(Collected data entries)
<<<<

(* Let $(X,d)$ be a compact metric space with $\operatorname{diam}(X,d)=1/2$, with hyperbolic filling $\mathcal S$ whose parameters satisfy $a\ge\lambda\ge2$ and $\lambda\ge1+\frac{a}{a-1}$. Let $x,y\in X$ and let $(z,m),(w,n)\in\mathcal S$ with $x\in B(z,a^{-m})$, $y\in B(w,a^{-n})$ and $a^{-m}+a^{-n}<a^{-2}d(x,y)$. Then every $u\in c(x,y)$ is a $K$-approximate center, with $K=80$, of every geodesic triangle $[v_0,(z,m),(w,n)]$ in $(\tilde{\mathcal S},D_1)$.
   Context: Hyperbolic filling: $X_0\subset X_1\subset\cdots$ increasing, each $X_n$ a maximal $a^{-n}$-separated subset of $X$; $X_0=\{x_0\}$. $\mathcal S_n=\{(x,n):x\in X_n\}$, $\mathcal S=\bigcup_n\mathcal S_n$, $v_0=(x_0,0)$. $D_1$ is the graph distance on $\mathcal S$ for the graph where distinct $(x,n),(y,m)$ are adjacent iff either $n=m$ and $B(x,\lambda a^{-n})\cap B(y,\lambda a^{-n})\ne\emptyset$, or $|n-m|=1$ and $B(x,a^{-n})\cap B(y,a^{-m})\ne\emptyset$. $(\tilde{\mathcal S},D_1)$ is the geodesic metric space obtained from this graph by replacing each edge with an isometric copy of $[0,1]$ (so $\mathcal S\subset\tilde{\mathcal S}$ and $D_1$ extends the graph distance). A geodesic triangle $[p,q,r]$ is a union of geodesic segments $[p,q]\cup[q,r]\cup[r,p]$; a point $c$ is a $K$-approximate center of it if its distance to each of the three sides is at most $K$. For distinct $x,y\in X$, let $\tilde n$ be the largest integer such that $\{x,y\}\subset B(\tilde z,2a^{-\tilde n})$ for some $(\tilde z,\tilde n)\in\mathcal S$, and $c(x,y)=\{(\tilde z,\tilde n)\in\mathcal S:\{x,y\}\subset B(\tilde z,2a^{-\tilde n})\}$. *)

theory Defs
  imports "HOL-Analysis.Analysis"
begin

type_synonym 'a hvert = "'a \<times> nat"
type_synonym 'a mgpoint = "'a hvert \<times> 'a hvert \<times> real"

definition Bl :: "'a::metric_space set \<Rightarrow> 'a \<Rightarrow> real \<Rightarrow> 'a set" where
  "Bl X x r = {y \<in> X. dist x y < r}"

definition separated :: "real \<Rightarrow> 'a::metric_space set \<Rightarrow> bool" where
  "separated e A \<longleftrightarrow> (\<forall>p\<in>A. \<forall>q\<in>A. p \<noteq> q \<longrightarrow> e \<le> dist p q)"

definition maximal_separated :: "'a::metric_space set \<Rightarrow> real \<Rightarrow> 'a set \<Rightarrow> bool" where
  "maximal_separated X e A \<longleftrightarrow> A \<subseteq> X \<and> separated e A \<and>
     (\<forall>B. A \<subseteq> B \<and> B \<subseteq> X \<and> separated e B \<longrightarrow> B = A)"

definition filling_seq :: "'a::metric_space set \<Rightarrow> real \<Rightarrow> (nat \<Rightarrow> 'a set) \<Rightarrow> 'a \<Rightarrow> bool" where
  "filling_seq X a Xs x0 \<longleftrightarrow> Xs 0 = {x0} \<and> (\<forall>n. Xs n \<subseteq> Xs (Suc n)) \<and>
     (\<forall>n. maximal_separated X (1 / a ^ n) (Xs n))"

definition hfS :: "(nat \<Rightarrow> 'a set) \<Rightarrow> 'a hvert set" where
  "hfS Xs = {(x, n). x \<in> Xs n}"

definition hf_adj :: "'a::metric_space set \<Rightarrow> real \<Rightarrow> real \<Rightarrow> (nat \<Rightarrow> 'a set) \<Rightarrow>
    'a hvert \<Rightarrow> 'a hvert \<Rightarrow> bool" where
  "hf_adj X a lam Xs p q \<longleftrightarrow> p \<in> hfS Xs \<and> q \<in> hfS Xs \<and> p \<noteq> q \<and>
     ((snd p = snd q \<and> Bl X (fst p) (lam / a ^ snd p) \<inter> Bl X (fst q) (lam / a ^ snd q) \<noteq> {}) \<or>
      ((snd p = Suc (snd q) \<or> snd q = Suc (snd p)) \<and>
         Bl X (fst p) (1 / a ^ snd p) \<inter> Bl X (fst q) (1 / a ^ snd q) \<noteq> {}))"

definition hf_graph_dist :: "'a::metric_space set \<Rightarrow> real \<Rightarrow> real \<Rightarrow> (nat \<Rightarrow> 'a set) \<Rightarrow>
    'a hvert \<Rightarrow> 'a hvert \<Rightarrow> nat" where
  "hf_graph_dist X a lam Xs p q = (LEAST k. \<exists>ps. length ps = Suc k \<and> hd ps = p \<and> last ps = q \<and>
     set ps \<subseteq> hfS Xs \<and> (\<forall>i<k. hf_adj X a lam Xs (ps ! i) (ps ! Suc i)))"

text \<open>Points of the metric graph: (u, v, t) is the point at distance t from u on the
  edge from u to v (t in [0,1]); a vertex u is represented by (u, u, 0).\<close>
definition mg_points :: "'a::metric_space set \<Rightarrow> real \<Rightarrow> real \<Rightarrow> (nat \<Rightarrow> 'a set) \<Rightarrow> 'a mgpoint set" where
  "mg_points X a lam Xs = {(u, v, t). u \<in> hfS Xs \<and>
      ((hf_adj X a lam Xs u v \<and> 0 \<le> t \<and> t \<le> 1) \<or> (v = u \<and> t = 0))}"

definition vtx :: "'a hvert \<Rightarrow> 'a mgpoint" where
  "vtx u = (u, u, 0)"

text \<open>The length metric D_1 of the metric graph (each edge an isometric copy of [0,1]).\<close>
definition D1 :: "'a::metric_space set \<Rightarrow> real \<Rightarrow> real \<Rightarrow> (nat \<Rightarrow> 'a set) \<Rightarrow>
    'a mgpoint \<Rightarrow> 'a mgpoint \<Rightarrow> real" where
  "D1 X a lam Xs p q =
    (let (u1, v1, s) = p; (u2, v2, t) = q;
         G = (\<lambda>b c. real (hf_graph_dist X a lam Xs b c));
         via = Min {s + G u1 u2 + t, s + G u1 v2 + (1 - t),
                    (1 - s) + G v1 u2 + t, (1 - s) + G v1 v2 + (1 - t)}
     in if u1 \<noteq> v1 \<and> u1 = u2 \<and> v1 = v2 then min \<bar>s - t\<bar> via
        else if u1 \<noteq> v1 \<and> u1 = v2 \<and> v1 = u2 then min \<bar>s - (1 - t)\<bar> via
        else via)"

definition geodesic_seg :: "'a::metric_space set \<Rightarrow> real \<Rightarrow> real \<Rightarrow> (nat \<Rightarrow> 'a set) \<Rightarrow>
    'a mgpoint \<Rightarrow> 'a mgpoint \<Rightarrow> 'a mgpoint set \<Rightarrow> bool" where
  "geodesic_seg X a lam Xs p q P \<longleftrightarrow> (\<exists>\<gamma> L. L = D1 X a lam Xs p q \<and> \<gamma> ` {0..L} = P \<and>
     \<gamma> 0 = p \<and> \<gamma> L = q \<and> (\<forall>s\<in>{0..L}. \<gamma> s \<in> mg_points X a lam Xs) \<and>
     (\<forall>s\<in>{0..L}. \<forall>t\<in>{0..L}. D1 X a lam Xs (\<gamma> s) (\<gamma> t) = \<bar>s - t\<bar>))"

definition approx_center :: "'a::metric_space set \<Rightarrow> real \<Rightarrow> real \<Rightarrow> (nat \<Rightarrow> 'a set) \<Rightarrow>
    real \<Rightarrow> 'a mgpoint \<Rightarrow> 'a mgpoint set \<Rightarrow> 'a mgpoint set \<Rightarrow> 'a mgpoint set \<Rightarrow> bool" where
  "approx_center X a lam Xs K c P1 P2 P3 \<longleftrightarrow>
     (\<forall>P\<in>{P1, P2, P3}. (INF r\<in>P. D1 X a lam Xs c r) \<le> K)"

definition ctr_level :: "'a::metric_space set \<Rightarrow> real \<Rightarrow> (nat \<Rightarrow> 'a set) \<Rightarrow> 'a \<Rightarrow> 'a \<Rightarrow> nat" where
  "ctr_level X a Xs x y = (GREATEST n. \<exists>z\<in>Xs n. x \<in> Bl X z (2 / a ^ n) \<and> y \<in> Bl X z (2 / a ^ n))"

definition ctr :: "'a::metric_space set \<Rightarrow> real \<Rightarrow> (nat \<Rightarrow> 'a set) \<Rightarrow> 'a \<Rightarrow> 'a \<Rightarrow> 'a hvert set" where
  "ctr X a Xs x y = {(z, ctr_level X a Xs x y) | z. z \<in> Xs (ctr_level X a Xs x y) \<and>
      x \<in> Bl X z (2 / a ^ ctr_level X a Xs x y) \<and> y \<in> Bl X z (2 / a ^ ctr_level X a Xs x y)}"

end

theory Submission
  imports Defs
begin

(* Along an edge path of the filling the centres are controlled by the levels alone: if the path
   has gone down to level T, now sits at level k, and is e steps longer than the vertical route
   from its start down to level T and back up, then its centre lies within
   (6 + 2 lam e)/a^T - 3/a^k of the starting centre (walk_dist_bound).

   A geodesic of the metric graph between two vertices passes through vertices at integer times,
   consecutive ones adjacent, so it carries a shortest edge path. Let u = (zt, nt). A shortest
   path from v_0 to (z, m) is vertical, so at level nt it is within 3/a^nt of z and hence at
   graph distance at most 7 from u; likewise for (w, n). On a shortest path from (z, m) to
   (w, n), d(z, w) < 5/a^nt bounds its length, which keeps its lowest level T >= nt - 3, while
   d(z, w) > (3/4)/a^(nt+1) against the decay of the estimate gives T <= nt + 8. The lowest vertex
   is then within a^10/a^nt of zt, hence at graph distance at most 29 from u. *)

lemma geometric_tail_step:
  fixes a :: real assumes "a > 1"
  shows "a / (a - 1) / a ^ k - a / (a - 1) / a ^ Suc k = 1 / a ^ k"
proof -
  have "a / (a - 1) / a ^ k - a / (a - 1) / a ^ Suc k = a / (a - 1) * (1 / a ^ k - 1 / (a * a ^ k))"
    by (simp add: right_diff_distrib)
  also have "1 / a ^ k - 1 / (a * a ^ k) = (a - 1) / (a * a ^ k)"
    using assms by (simp add: field_simps)
  finally show ?thesis
    using assms by simp
qed

lemma linear_le_power:
  fixes a :: real assumes "2 \<le> a" "9 \<le> t"
  shows "6 + 2 * a * (2 * real t + 7) \<le> 3 / 4 * a ^ (t - 1)"
proof -
  have "4 * real t + 17 \<le> 3 / 4 * 2 ^ (t - 2)"
    using assms(2)
  proof (induction t rule: nat_induct_at_least)
    case (Suc t)
    then have "Suc t - 2 = Suc (t - 2)"
      by simp
    then have "(2::real) ^ (Suc t - 2) = 2 * 2 ^ (t - 2)"
      by simp
    moreover have "(1::real) \<le> 2 ^ (t - 2)"
      by simp
    ultimately show ?case
      using Suc.IH by simp
  qed simp
  moreover have "(2::real) ^ (t - 2) \<le> a ^ (t - 2)"
    using assms(1) by (intro power_mono) auto
  ultimately have "a * (4 * real t + 17) \<le> a * (3 / 4 * a ^ (t - 2))"
    using assms(1) by (intro mult_left_mono) auto
  moreover have "t - 1 = Suc (t - 2)"
    using assms(2) by simp
  then have "a * a ^ (t - 2) = a ^ (t - 1)"
    by simp
  ultimately show ?thesis
    using assms(1) by (simp add: algebra_simps)
qed

lemma power_ten_bound:
  fixes a :: real assumes "2 \<le> a" shows "(3 + 46 * a) * a ^ 3 + 3 \<le> a ^ 10"
proof -
  have "64 \<le> a ^ 6" "3 \<le> a ^ 3"
    using power_mono[OF assms, of 6] power_mono[OF assms, of 3] by simp_all
  moreover have "2 * a ^ 3 \<le> a * a ^ 3"
    using assms by (intro mult_right_mono) auto
  moreover have a4: "a * a ^ 3 = a ^ 4"
    by (simp add: eval_nat_numeral)
  moreover have "(3 + 46 * a) * a ^ 3 + 3 = 3 + 3 * a ^ 3 + 46 * a ^ 4"
    using a4 by (simp add: algebra_simps)
  ultimately have "(3 + 46 * a) * a ^ 3 + 3 \<le> 64 * a ^ 4"
    by linarith
  also have "\<dots> \<le> a ^ 6 * a ^ 4"
    using \<open>64 \<le> a ^ 6\<close> assms by (intro mult_right_mono) auto
  finally show ?thesis
    by (simp flip: power_add)
qed

lemma Bl_Int_nonempty_dist_less:
  "Bl X c r \<inter> Bl X c' r' \<noteq> {} \<Longrightarrow> dist c c' < r + r'"
  unfolding Bl_def by (smt (verit, best) disjoint_iff_not_equal dist_triangle2 mem_Collect_eq)

definition lowest_level :: "(nat \<Rightarrow> 'a hvert) \<Rightarrow> nat \<Rightarrow> nat" where
  "lowest_level f i = Min ((\<lambda>j. snd (f j)) ` {..i})"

>>>>

> **Try it**
Read through the entries and copy every line that includes "moreover".

> **Response area**
    moreover have "(1::real) \<le> 2 ^ (t - 2)"
  moreover have "(2::real) ^ (t - 2) \<le> a ^ (t - 2)"
  moreover have "t - 1 = Suc (t - 2)"
  moreover have "2 * a ^ 3 \<le> a * a ^ 3"
  moreover have a4: "a * a ^ 3 = a ^ 4"
  moreover have "(3 + 46 * a) * a ^ 3 + 3 = 3 + 3 * a ^ 3 + 46 * a ^ 4"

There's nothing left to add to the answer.